Сидда шлепнула себя по лбу:

— Совсем позабыла, что ты не только художник по костюмам, но и бродячий проповедник и психоаналитик в одном лице. Как это выскользнуло у меня из памяти, преподобный доктор Конен?

Уэйд поставил стакан.

Мэй откашлялась.

Сидда перевела взгляд с Уэйда на Мэй.

— Этот визит имеет какую-то цель, или я ошибаюсь?
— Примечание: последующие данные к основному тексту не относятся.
lemma leg_edges_add:
  "leg_edges i (k + j) = leg_edges i k \<union> (\<lambda>s. {legpos i (k + s), legpos i (k + Suc s)}) ` {..<j}"
proof -
  have "{..<k + j} = {..<k} \<union> (\<lambda>s. k + s) ` {..<j}"
  proof
    show "{..<k + j} \<subseteq> {..<k} \<union> (\<lambda>s. k + s) ` {..<j}"
    proof
      fix x assume x: "x \<in> {..<k + j}"
      show "x \<in> {..<k} \<union> (\<lambda>s. k + s) ` {..<j}"
      proof (cases "x < k")
        case False
        then have "x = k + (x - k)" "x - k \<in> {..<j}" using x by auto
        then show ?thesis by blast
      qed simp
    qed
  qed auto
  then show ?thesis unfolding leg_edges_eq by (simp add: image_Un image_image)
qed

definition spider_base_verts :: "nat \<Rightarrow> nat \<Rightarrow> 'a rgraph \<Rightarrow> 'b rgraph \<Rightarrow> ('a, 'b, 'c) spv set" where
  "spider_base_verts g h G H = {Ctr} \<union> leg_verts 1 g \<union> leg_verts 2 h
     \<union> sp_emb In1 1 g (snd G) ` fst (fst G) \<union> sp_emb In2 2 h (snd H) ` fst (fst H)"

definition spider_base_edges :: "nat \<Rightarrow> nat \<Rightarrow> 'a rgraph \<Rightarrow> 'b rgraph \<Rightarrow> ('a, 'b, 'c) spv set set" where
  "spider_base_edges g h G H = leg_edges 1 g \<union> leg_edges 2 h
     \<union> (\<lambda>e. sp_emb In1 1 g (snd G) ` e) ` snd (fst G)
     \<union> (\<lambda>e. sp_emb In2 2 h (snd H) ` e) ` snd (fst H)"

lemma Ctr_in_spider_base_verts: "Ctr \<in> spider_base_verts g h G H"
  by (simp add: spider_base_verts_def)

lemma Leg3_notin_spider_base_verts: "Leg 3 j \<notin> spider_base_verts g h G H"
  by (auto simp: spider_base_verts_def leg_verts_def sp_emb_def legpos_def)

lemma spider2_eq_base:
  "spider2 g h t G H =
    (spider_base_verts g h G H \<union> leg_verts 3 t, spider_base_edges g h G H \<union> leg_edges 3 t)"
proof -
  have "legpos 3 t \<in> insert Ctr (leg_verts 3 t)" by (rule legpos_in_leg_verts) simp
  then have "sp_emb In3 3 t () ` {()} \<subseteq> insert Ctr (leg_verts 3 t)" by (simp add: sp_emb_def)
  then show ?thesis
    unfolding spider2_def spider_def K1_def Let_def spider_base_verts_def spider_base_edges_def
    by auto
qed

lemma legpos_in_spider2: "legpos 3 k \<in> fst (spider2 g h k G H)"
  using legpos_in_leg_verts[of k k 3] Ctr_in_spider_base_verts[of g h G H]
  by (auto simp: spider2_eq_base)

lemma edges_in_leg_edges:
  fixes V :: "('a, 'b, 'c) spv set"
  assumes "insert Ctr (leg_verts i t) \<subseteq> V"
  shows "edges_in V (leg_edges i t)"
  unfolding edges_in_def
proof
  fix e :: "('a, 'b, 'c) spv set" assume "e \<in> leg_edges i t"
  then obtain j where j: "j < t" "e = {legpos i j, legpos i (Suc j)}" by (auto simp: leg_edges_eq)
  then have "legpos i j \<in> V" "legpos i (Suc j) \<in> V"
    using legpos_in_leg_verts[of j t i] legpos_in_leg_verts[of "Suc j" t i] assms by auto
  with j show "\<exists>x y. e = {x, y} \<and> x \<noteq> y \<and> x \<in> V \<and> y \<in> V"
    by (intro exI[of _ "legpos i j"] exI[of _ "legpos i (Suc j)"]) (simp add: legpos_def)
qed

lemma simple_graph_spider2:
  assumes G: "rooted_graph G" and H: "rooted_graph H"
  shows "simple_graph (spider2 g h t G H)"
proof -
  let ?V = "fst (spider2 g h t G H)"
  have G': "simple_graph (fst G)" and H': "simple_graph (fst H)"
    using G H by (simp_all add: rooted_graph_def)
  have "insert Ctr (leg_verts 1 g) \<subseteq> ?V" "insert Ctr (leg_verts 2 h) \<subseteq> ?V"
    "insert Ctr (leg_verts 3 t) \<subseteq> ?V"
    by (auto simp: spider2_eq_base spider_base_verts_def)
  then have legs: "edges_in ?V (leg_edges 1 g)" "edges_in ?V (leg_edges 2 h)"
    "edges_in ?V (leg_edges 3 t)"
    by (simp_all add: edges_in_leg_edges)
  have "edges_in ?V ((\<lambda>e. sp_emb In1 1 g (snd G) ` e) ` snd (fst G))"
    using G' inj_on_subset[OF inj_sp_emb_In1 subset_UNIV]
    by (intro edges_in_image) (auto simp: simple_graph_iff spider2_eq_base spider_base_verts_def)
  moreover have "edges_in ?V ((\<lambda>e. sp_emb In2 2 h (snd H) ` e) ` snd (fst H))"
    using H' inj_on_subset[OF inj_sp_emb_In2 subset_UNIV]
    by (intro edges_in_image) (auto simp: simple_graph_iff spider2_eq_base spider_base_verts_def)
  moreover have "finite ?V"
    using G' H' by (simp add: spider2_eq_base spider_base_verts_def leg_verts_eq simple_graph_iff)
  ultimately show ?thesis
    using legs unfolding simple_graph_iff by (simp add: spider2_eq_base spider_base_edges_def)
qed

definition extend_leg3 :: "nat \<Rightarrow> ('a, 'b, 'c) spv + nat \<Rightarrow> ('a, 'b, 'c) spv" where
  "extend_leg3 k x = (case x of Inl a \<Rightarrow> a | Inr i \<Rightarrow> Leg 3 (k + i))"

lemma extend_leg3_path_vertex: "extend_leg3 k (path_vertex (legpos 3 k) i) = legpos 3 (k + i)"
  by (auto simp: extend_leg3_def path_vertex_def legpos_def)

lemma spider2_add_eq_graph_image:
  "spider2 g h (k + j) G H =
    graph_image (extend_leg3 k) (attach_path (spider2 g h k G H) (legpos 3 k) j)"
proof -
  let ?f = "extend_leg3 k :: ('a, 'b, unit) spv + nat \<Rightarrow> ('a, 'b, unit) spv"
  have "?f ` Inr ` {1..j} = (\<lambda>s. Leg 3 (k + s)) ` {1..j}"
    by (simp add: image_image extend_leg3_def)
  moreover have "(\<lambda>e. ?f ` e) ` path_edges (legpos 3 k) 0 j =
      (\<lambda>s. {legpos 3 (k + s), legpos 3 (k + Suc s)}) ` {..<j}"
    unfolding path_edges_def image_image by (simp add: extend_leg3_path_vertex atLeast0LessThan)
  moreover have "?f ` Inl ` X = X" "(\<lambda>e. ?f ` e) ` (\<lambda>e. Inl ` e) ` Y = Y" for X Y
    by (simp_all add: image_image extend_leg3_def)
  ultimately show ?thesis
    unfolding graph_image_def attach_path_def extend_graph_def spider2_eq_base fst_conv snd_conv
      leg_verts_add leg_edges_add image_Un
    by (simp add: Un_assoc)
qed

lemma inj_on_extend_leg3:
  "inj_on (extend_leg3 k) (fst (attach_path (spider2 g h k G H) (legpos 3 k) j))"
proof -
  have "Leg 3 (k + i) \<notin> fst (spider2 g h k G H)" if "1 \<le> i" for i
    using that Leg3_notin_spider_base_verts[of _ g h G H]
    by (auto simp: spider2_eq_base leg_verts_def)
  then show ?thesis
    by (auto simp: inj_on_def attach_path_def extend_graph_def extend_leg3_def)
qed

lemma chrom_sym_spider2_add:
  assumes "rooted_graph G" "rooted_graph H"
  shows "chrom_sym (attach_path (spider2 g h k G H) (legpos 3 k) j) =
    chrom_sym (spider2 g h (k + j) G H)"
  unfolding spider2_add_eq_graph_image
  using simple_graph_attach_path[OF simple_graph_spider2[OF assms] legpos_in_spider2]
  by (rule chrom_sym_graph_image[OF _ inj_on_extend_leg3, symmetric])

text \<open>The vertices of \<open>S\<^sup>g\<^sup>h\<^sub>k(G, H)\<close> carry the unit type in their third component;
  \<open>relabel_K1\<close> moves them to the vertex type of \<open>S\<^sup>g\<^sup>h\<^sup>k(G, H, C\<^sub>m)\<close>.\<close>

definition relabel_K1 :: "('a, 'b, unit) spv \<Rightarrow> ('a, 'b, nat) spv" where
  "relabel_K1 x =
    (case x of Ctr \<Rightarrow> Ctr | Leg i j \<Rightarrow> Leg i j | In1 a \<Rightarrow> In1 a | In2 b \<Rightarrow> In2 b | In3 c \<Rightarrow> In3 0)"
— Нет, — тихо ответила Мэй и, немного подумав, пояснила: — Знаешь, когда люди вместе… им становится намного легче. Чувствуешь, что мир вовсе не так безумен, как кажется.

— Вроде того, когда видишь в зале пару, действительно умеющую вальсировать, — поддакнул Уэйд. — Не можешь дождаться, пока смолкнет музыка, чтобы подбежать и поздравить их.

Мэй легонько коснулась волос Сидды.

— Мы все хотим побывать на свадьбе. То есть мы все видели, как после стольких лет совместной работы вы с Коннором влюбляетесь друг в друга.

— Да, — кивнул Уэйд, — и сейчас чувствуем себя так, словно ты порвала с нами со всеми.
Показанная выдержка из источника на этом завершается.